Creates the DIRECTORY and returns a true value on success. Check $^E on failure for extended error information.

DIRECTORY may contain Unicode characters outside the system codepage. Once the directory has been created you can use Win32::GetANSIPathName() to get a name that can be passed to system calls and external programs.

Previous answer:

Note: Keeping this here for the record because you were trying to use CreateDirectoryW directly in your program.

To do this by hand, import CreateDirectoryW using Win32::API:

Win32::API->Import(
    Kernel32 => qq{BOOL CreateDirectoryW(LPWSTR lpPathNameW, VOID *p)}
);

You need to encode the $path for CreateDirectoryW:

#!/usr/bin/perl

use strict; use warnings;
use utf8;

use Encode qw( encode );
use Win32::API;

Win32::API->Import(
    Kernel32 => qq{BOOL CreateDirectoryW(LPWSTR lpPathNameW, VOID *p)}
);

binmode STDOUT, ':utf8';
binmode STDERR, ':utf8';

my $dir_name = 'Волгогра́д';

my $ucs_path = encode('UCS-2le', "$dir_name\0");
CreateDirectoryW($ucs_path, undef)
    or die "Failed to create directory: '$dir_name': $^E";
E:\> dir
2010/02/02  01:05 PM              волгогра́д
2010/02/02  01:04 PM              москва
Community
  • 1
  • 1
Sinan Ünür
  • 116,958
  • 15
  • 196
  • 339
  • Thank you. I'll use Win32::CreateDirectory. I am new to the Unicode universe and find it quite complicated - maybe this is only true on Windows using Perl - I don't know. – Nele Kosog Feb 03 '10 at 15:04
  • The name returned by Win32::GetANSIPathName() doesn't seem to work with external commands. Does it perhaps need to be translated to the system codepage or something? – Freon Sandoz Mar 04 '22 at 00:05
0

Just updating this question for 2018.

Unbelievably, ActivePerl 5.24 still does not support simply passing Unicode paths to open()/mkdir(), and by extension File::Path::mkpath(), because the underlying Perl code still calls the 20th-century ASCII version of Windows CreateFile(). Insanity! How could this not have been a higher priority than the myriad obscure Perl changes made in the intervening 10 years?!

This is true even if you 'use utf8;' or a myriad other incantations.

So, even today, we still have to have special-case code for Windows for this most basic function (creating/accessing Unicode filenames).

Fortunately, the Win32::Unicode module has a nice, easy-to-use Win32::Unicode::Dir::mkpathW() function which does exactly what you want and works for Unicode (as well as great copyW() and moveW() functions).

Unfortunately, this module hasn't passed its installation tests since Perl 5.16 and ActiveState dropped it from its handy ppm repository ( https://code.activestate.com/ppm/Win32-Unicode/ ).
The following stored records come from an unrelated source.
lemma integral_square_le_length_mult:
  fixes f :: "real \<Rightarrow> real"
  assumes "a \<le> b" and f: "f integrable_on {a..b}" and f2: "(\<lambda>x. (f x)\<^sup>2) integrable_on {a..b}"
  shows "(integral {a..b} f)\<^sup>2 \<le> (b - a) * integral {a..b} (\<lambda>x. (f x)\<^sup>2)"
proof (cases "a = b")
  case False
  hence len: "b - a > 0" using assms(1) by simp
  define I where "I = integral {a..b} f"
  define I2 where "I2 = integral {a..b} (\<lambda>x. (f x)\<^sup>2)"
  define c where "c = I / (b - a)"
  have "((\<lambda>x. (f x)\<^sup>2 - 2 * c * f x + c\<^sup>2) has_integral (I2 - 2 * c * I + (b - a) * c\<^sup>2)) {a..b}"
    using has_integral_add[OF has_integral_diff[OF integrable_integral[OF f2]
          has_integral_mult_right[OF integrable_integral[OF f], of "2 * c"]]
          has_integral_const_real[of "c\<^sup>2" a b]] assms(1)
    by (simp add: I_def I2_def)
  hence "0 \<le> I2 - 2 * c * I + (b - a) * c\<^sup>2"
  proof (rule has_integral_nonneg)
    show "0 \<le> (f x)\<^sup>2 - 2 * c * f x + c\<^sup>2" for x
      using zero_le_power2[of "f x - c"] by (simp add: power2_eq_square algebra_simps)
  qed
  also have "I2 - 2 * c * I + (b - a) * c\<^sup>2 = I2 - I\<^sup>2 / (b - a)"
  proof -
    have "\<And>t. t > 0 \<Longrightarrow> I2 - 2 * (I / t) * I + t * (I / t)\<^sup>2 = I2 - I\<^sup>2 / t"
      by (simp add: field_simps power2_eq_square)
    from this[OF len] show ?thesis by (simp add: c_def)
  qed
  finally show ?thesis using len by (simp add: I_def I2_def field_simps)
qed simp

lemma H01_increment_square_le:
  assumes "H01_deriv \<psi> d" and "-1 \<le> a" "a \<le> b" "b \<le> 1"
  shows "(\<psi> b - \<psi> a)\<^sup>2 \<le> (b - a) * integral {a..b} (\<lambda>x. (d x)\<^sup>2)"
proof -
  have sub: "{a..b} \<subseteq> {-1..1}" using assms by auto
  have "integral {-1..a} d + integral {a..b} d = integral {-1..b} d"
    using assms H01_deriv_integrable[OF assms(1)] integrable_subinterval_real
    by (intro Henstock_Kurzweil_Integration.integral_combine) fastforce+
  hence "\<psi> b - \<psi> a = integral {a..b} d"
    using assms by (simp add: H01_eq_integral)
  moreover have "(integral {a..b} d)\<^sup>2 \<le> (b - a) * integral {a..b} (\<lambda>x. (d x)\<^sup>2)"
    using integrable_on_subinterval[OF H01_deriv_integrable[OF assms(1)] sub]
      integrable_on_subinterval[OF H01_deriv_square_integrable[OF assms(1)] sub]
    by (rule integral_square_le_length_mult[OF assms(3)])
  ultimately show ?thesis by simp
qed

lemma H01_square_le:
  assumes "H01_deriv \<psi> d" and "x \<in> {-1..1}"
  shows "(\<psi> x)\<^sup>2 \<le> (x + 1) * integral {-1..1} (\<lambda>t. (d t)\<^sup>2)"
proof -
  have "(\<psi> x - \<psi> (-1))\<^sup>2 \<le> (x + 1) * integral {-1..x} (\<lambda>t. (d t)\<^sup>2)"
    using H01_increment_square_le[OF assms(1), of "-1" x] assms(2) by auto
  also have "\<dots> \<le> (x + 1) * integral {-1..1} (\<lambda>t. (d t)\<^sup>2)"
    using assms H01_deriv_square_integrable[OF assms(1)]
    by (intro mult_left_mono integral_subset_le) (auto intro: integrable_on_subinterval)
  finally show ?thesis using H01_boundary(1)[OF assms(1)] by simp
qed

lemma H01_square_at_zero_le:
  assumes "H01_deriv \<psi> d" and "0 < \<delta>" "\<delta> \<le> 1"
  shows "\<delta> * (\<psi> 0)\<^sup>2 \<le> 2 * integral {-1..1} (\<lambda>x. (\<psi> x)\<^sup>2) + 2 * \<delta>\<^sup>2 * integral {-1..1} (\<lambda>x. (d x)\<^sup>2)"
proof -
  define D where "D = integral {-1..1} (\<lambda>x. (d x)\<^sup>2)"
  have cont: "continuous_on {-1..1} (\<lambda>x. (\<psi> x)\<^sup>2)"
    using H01_continuous_on[OF assms(1)] by (intro continuous_intros)
  have int: "(\<lambda>x. (\<psi> x)\<^sup>2) integrable_on {0..\<delta>}"
    by (rule integrable_continuous_interval, rule continuous_on_subset[OF cont]) (use assms in auto)
  have pointwise: "(\<psi> 0)\<^sup>2 \<le> 2 * (\<psi> x)\<^sup>2 + 2 * \<delta> * D" if x: "x \<in> {0..\<delta>}" for x
  proof -
    have "(\<psi> x - \<psi> 0)\<^sup>2 \<le> x * integral {0..x} (\<lambda>x. (d x)\<^sup>2)"
      using H01_increment_square_le[OF assms(1), of 0 x] x assms by auto
    also have "\<dots> \<le> \<delta> * D"
      unfolding D_def using x assms H01_deriv_square_integrable[OF assms(1)]
      by (intro mult_mono integral_subset_le integral_nonneg) (auto intro: integrable_on_subinterval)
    finally have "(\<psi> x - \<psi> 0)\<^sup>2 \<le> \<delta> * D" .
    moreover have "(\<psi> 0)\<^sup>2 \<le> 2 * (\<psi> x)\<^sup>2 + 2 * (\<psi> x - \<psi> 0)\<^sup>2"
      using zero_le_power2[of "2 * \<psi> x - \<psi> 0"] by (simp add: power2_eq_square algebra_simps)
    ultimately show ?thesis by linarith
  qed
  have "\<delta> * (\<psi> 0)\<^sup>2 = integral {0..\<delta>} (\<lambda>x. (\<psi> 0)\<^sup>2)"
    using assms by simp
  also have "\<dots> \<le> integral {0..\<delta>} (\<lambda>x. 2 * (\<psi> x)\<^sup>2 + 2 * \<delta> * D)"
    using pointwise int by (intro integral_le integrable_add integrable_cmul) auto
  also have "\<dots> = 2 * integral {0..\<delta>} (\<lambda>x. (\<psi> x)\<^sup>2) + 2 * \<delta>\<^sup>2 * D"
    using int assms by (subst integral_add) (auto simp: power2_eq_square)
  also have "integral {0..\<delta>} (\<lambda>x. (\<psi> x)\<^sup>2) \<le> integral {-1..1} (\<lambda>x. (\<psi> x)\<^sup>2)"
    using assms int integrable_continuous_interval[OF cont] by (intro integral_subset_le) auto
  finally show ?thesis using assms unfolding D_def by simp
qed

lemma integral_square_eq_0_imp_eq_0:
  fixes f :: "real \<Rightarrow> real"
  assumes "continuous_on {-1..1} f" and "integral {-1..1} (\<lambda>x. (f x)\<^sup>2) = 0" and "x \<in> {-1..1}"
  shows "f x = 0"
proof -
  have cont: "continuous_on (cbox (-1) 1) (\<lambda>x. (f x)\<^sup>2)"
    using assms(1) by (auto intro: continuous_intros)
  have "((\<lambda>x. (f x)\<^sup>2) has_integral 0) (cbox (-1) 1)"
    using integrable_integral[OF integrable_continuous[OF cont]] assms(2) by simp
  hence "(f x)\<^sup>2 = 0"
    using assms(3) by (intro has_integral_0_cbox_imp_0[OF cont]) auto
  thus ?thesis by simp
qed

lemma H01_LBINT_combination:
  assumes "H01_deriv \<psi> d"
  shows "(LBINT x=-1..1. p * (d x)\<^sup>2 + q * (\<psi> x)\<^sup>2) =
    p * integral {-1..1} (\<lambda>x. (d x)\<^sup>2) + q * integral {-1..1} (\<lambda>x. (\<psi> x)\<^sup>2)"
proof -
  have cont: "continuous_on {-1..1} (\<lambda>x. (\<psi> x)\<^sup>2)"
    using H01_continuous_on[OF assms] by (intro continuous_intros)
  have "set_integrable lborel {-1..1} (\<lambda>x. p * (d x)\<^sup>2 + q * (\<psi> x)\<^sup>2)"
    using assms borel_integrable_atLeastAtMost'[OF cont]
    by (intro set_integral_add(1)) (auto simp: H01_deriv_def)
  hence "(LBINT x=-1..1. p * (d x)\<^sup>2 + q * (\<psi> x)\<^sup>2) = integral {-1..1} (\<lambda>x. p * (d x)\<^sup>2 + q * (\<psi> x)\<^sup>2)"
    by (rule interval_integral_minus_one_one)
  also have "\<dots> = p * integral {-1..1} (\<lambda>x. (d x)\<^sup>2) + q * integral {-1..1} (\<lambda>x. (\<psi> x)\<^sup>2)"
    by (intro integral_unique has_integral_add has_integral_mult_right integrable_integral
        H01_deriv_square_integrable[OF assms] integrable_continuous_interval cont)
  finally show ?thesis .
qed

lemma H01_LBINT_square: "H01_deriv \<psi> d \<Longrightarrow> (LBINT x=-1..1. (\<psi> x)\<^sup>2) = integral {-1..1} (\<lambda>x. (\<psi> x)\<^sup>2)"
  using H01_LBINT_combination[of \<psi> d 0 1] by simp

lemma H01_integral_square_nonneg:
  assumes "H01_deriv \<psi> d"
  shows "0 \<le> integral {-1..1} (\<lambda>x. (\<psi> x)\<^sup>2)"
  using H01_continuous_on[OF assms]
  by (intro integral_nonneg integrable_continuous_interval continuous_intros) auto

lemma H01_integral_deriv_square_nonneg: "H01_deriv \<psi> d \<Longrightarrow> 0 \<le> integral {-1..1} (\<lambda>x. (d x)\<^sup>2)"
  by (auto intro!: integral_nonneg H01_deriv_square_integrable)

lemma E0'_eq_integrals:
  assumes "H01_deriv \<psi> d"
  shows "E0' g rho nB \<xi> \<psi> d = 1/2 * (nB\<^sup>2 * \<xi>\<^sup>2 * integral {-1..1} (\<lambda>x. (\<psi> x)\<^sup>2)
    + nB\<^sup>2 * integral {-1..1} (\<lambda>x. (d x)\<^sup>2)) - 1/2 * g * rho * (\<psi> 0)\<^sup>2"
proof -
  have "(\<lambda>x. nB\<^sup>2 * (\<xi>\<^sup>2 * (\<psi> x)\<^sup>2 + (d x)\<^sup>2)) = (\<lambda>x. nB\<^sup>2 * (d x)\<^sup>2 + (nB\<^sup>2 * \<xi>\<^sup>2) * (\<psi> x)\<^sup>2)"
    by (simp add: algebra_simps)
  thus ?thesis
    unfolding E0'_def using H01_LBINT_combination[OF assms, of "nB\<^sup>2" "nB\<^sup>2 * \<xi>\<^sup>2"]
    by (simp add: algebra_simps)
qed

lemma H01_sum_square_increments_le:
  fixes y :: "nat \<Rightarrow> real"
  assumes "H01_deriv \<psi> d"
    and "\<And>k. k \<le> n \<Longrightarrow> y k \<in> {-1..1}" and "y 0 = -1" and "y n = 1"
    and "\<And>k. k < n \<Longrightarrow> y k \<le> y (Suc k)" and "\<And>k. k < n \<Longrightarrow> y (Suc k) - y k \<le> h"
  shows "(\<Sum>k<n. (\<psi> (y (Suc k)) - \<psi> (y k))\<^sup>2) \<le> h * integral {-1..1} (\<lambda>x. (d x)\<^sup>2)"
proof -
  define F where "F t = integral {-1..t} (\<lambda>x. (d x)\<^sup>2)" for t
  have int: "(\<lambda>x. (d x)\<^sup>2) integrable_on {-1..1}"
    by (rule H01_deriv_square_integrable[OF assms(1)])
  have step: "(\<psi> (y (Suc k)) - \<psi> (y k))\<^sup>2 \<le> h * (F (y (Suc k)) - F (y k))" if k: "k < n" for k
  proof -
    have range: "-1 \<le> y k" "y (Suc k) \<le> 1" "y k \<le> y (Suc k)"
      using assms(2)[of k] assms(2)[of "Suc k"] assms(5)[OF k] k by auto
    have "integral {-1..y k} (\<lambda>x. (d x)\<^sup>2) + integral {y k..y (Suc k)} (\<lambda>x. (d x)\<^sup>2) = F (y (Suc k))"
      unfolding F_def using range int
      by (intro Henstock_Kurzweil_Integration.integral_combine) (auto intro: integrable_on_subinterval)
    hence eq: "integral {y k..y (Suc k)} (\<lambda>x. (d x)\<^sup>2) = F (y (Suc k)) - F (y k)"
      by (simp add: F_def)
    have "(\<psi> (y (Suc k)) - \<psi> (y k))\<^sup>2 \<le> (y (Suc k) - y k) * integral {y k..y (Suc k)} (\<lambda>x. (d x)\<^sup>2)"
      using range by (intro H01_increment_square_le[OF assms(1)])
    also have "\<dots> \<le> h * integral {y k..y (Suc k)} (\<lambda>x. (d x)\<^sup>2)"
      using range int assms(6)[OF k]
      by (intro mult_right_mono integral_nonneg) (auto intro: integrable_on_subinterval)
    finally show ?thesis by (simp add: eq)
  qed
  have "(\<Sum>k<n. (\<psi> (y (Suc k)) - \<psi> (y k))\<^sup>2) \<le> (\<Sum>k<n. h * (F (y (Suc k)) - F (y k)))"
    using step by (intro sum_mono) auto
  also have "\<dots> = h * (F (y n) - F (y 0))"
    using sum_lessThan_telescope[of "\<lambda>k. F (y k)" n] by (simp add: sum_distrib_left[symmetric])
  finally show ?thesis by (simp add: assms(3,4) F_def)
qed

section \<open>The critical constants as suprema\<close>

lemma H01_deriv_one_minus_square: "H01_deriv (\<lambda>x. 1 - x\<^sup>2) (\<lambda>x. - 2 * x)"
  by (rule H01_deriv_of_C1) (auto intro!: derivative_eq_intros continuous_intros)

lemma nonzero_on_one_minus_square: "nonzero_on (\<lambda>x::real. 1 - x\<^sup>2)"
  unfolding nonzero_on_def by (rule bexI[of _ 0]) auto

lemma Bc_sq_bdd_above:
  assumes "0 \<le> g * rho"
  shows "bdd_above {g * rho * (\<psi> 0)\<^sup>2 / (LBINT x=-1..1. (d\<psi> x)\<^sup>2) | \<psi> d\<psi>. H01_deriv \<psi> d\<psi> \<and> nonzero_on \<psi>}"
proof (rule bdd_aboveI[of _ "g * rho"], safe)
  fix \<psi> d assume h: "H01_deriv \<psi> d"
  define D where "D = integral {-1..1} (\<lambda>x. (d x)\<^sup>2)"
  have "g * rho * (\<psi> 0)\<^sup>2 \<le> g * rho * D"
    using H01_square_le[OF h, of 0] assms by (intro mult_left_mono) (auto simp: D_def)
  moreover have "0 \<le> D"
    unfolding D_def by (rule H01_integral_deriv_square_nonneg[OF h])
  ultimately have "g * rho * (\<psi> 0)\<^sup>2 / D \<le> g * rho"
    using assms by (cases "D = 0") (auto simp: divide_le_eq)
  thus "g * rho * (\<psi> 0)\<^sup>2 / (LBINT x=-1..1. (d x)\<^sup>2) \<le> g * rho"
    by (simp add: H01_LBINT_deriv_square[OF h] D_def)
qed

lemma Bc_sq_upper:
  assumes "0 \<le> g * rho" and "H01_deriv \<psi> d" and "nonzero_on \<psi>"
  shows "g * rho * (\<psi> 0)\<^sup>2 / integral {-1..1} (\<lambda>x. (d x)\<^sup>2) \<le> Bc_sq g rho"
  unfolding Bc_sq_def H01_LBINT_deriv_square[OF assms(2), symmetric]
  using assms by (intro cSup_upper[OF _ Bc_sq_bdd_above]) blast+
Fortunately, there is a way to get it working, as the 3 tests that fail (relating to "print") are not used for file/directory creation:

Step 1: ppm install dmake

Step 2: ppm install MinGW

Step 3: perl -MCPAN -e shell then force install Win32::Unicode

Step 1 and 2 are required even if you already have Microsoft Visual Studio installed on your computer; apparently Perl is now built with MinGW and modules must be as well.

Phew.

Louis Semprini
  • 3,515
  • 2
  • 30
  • 31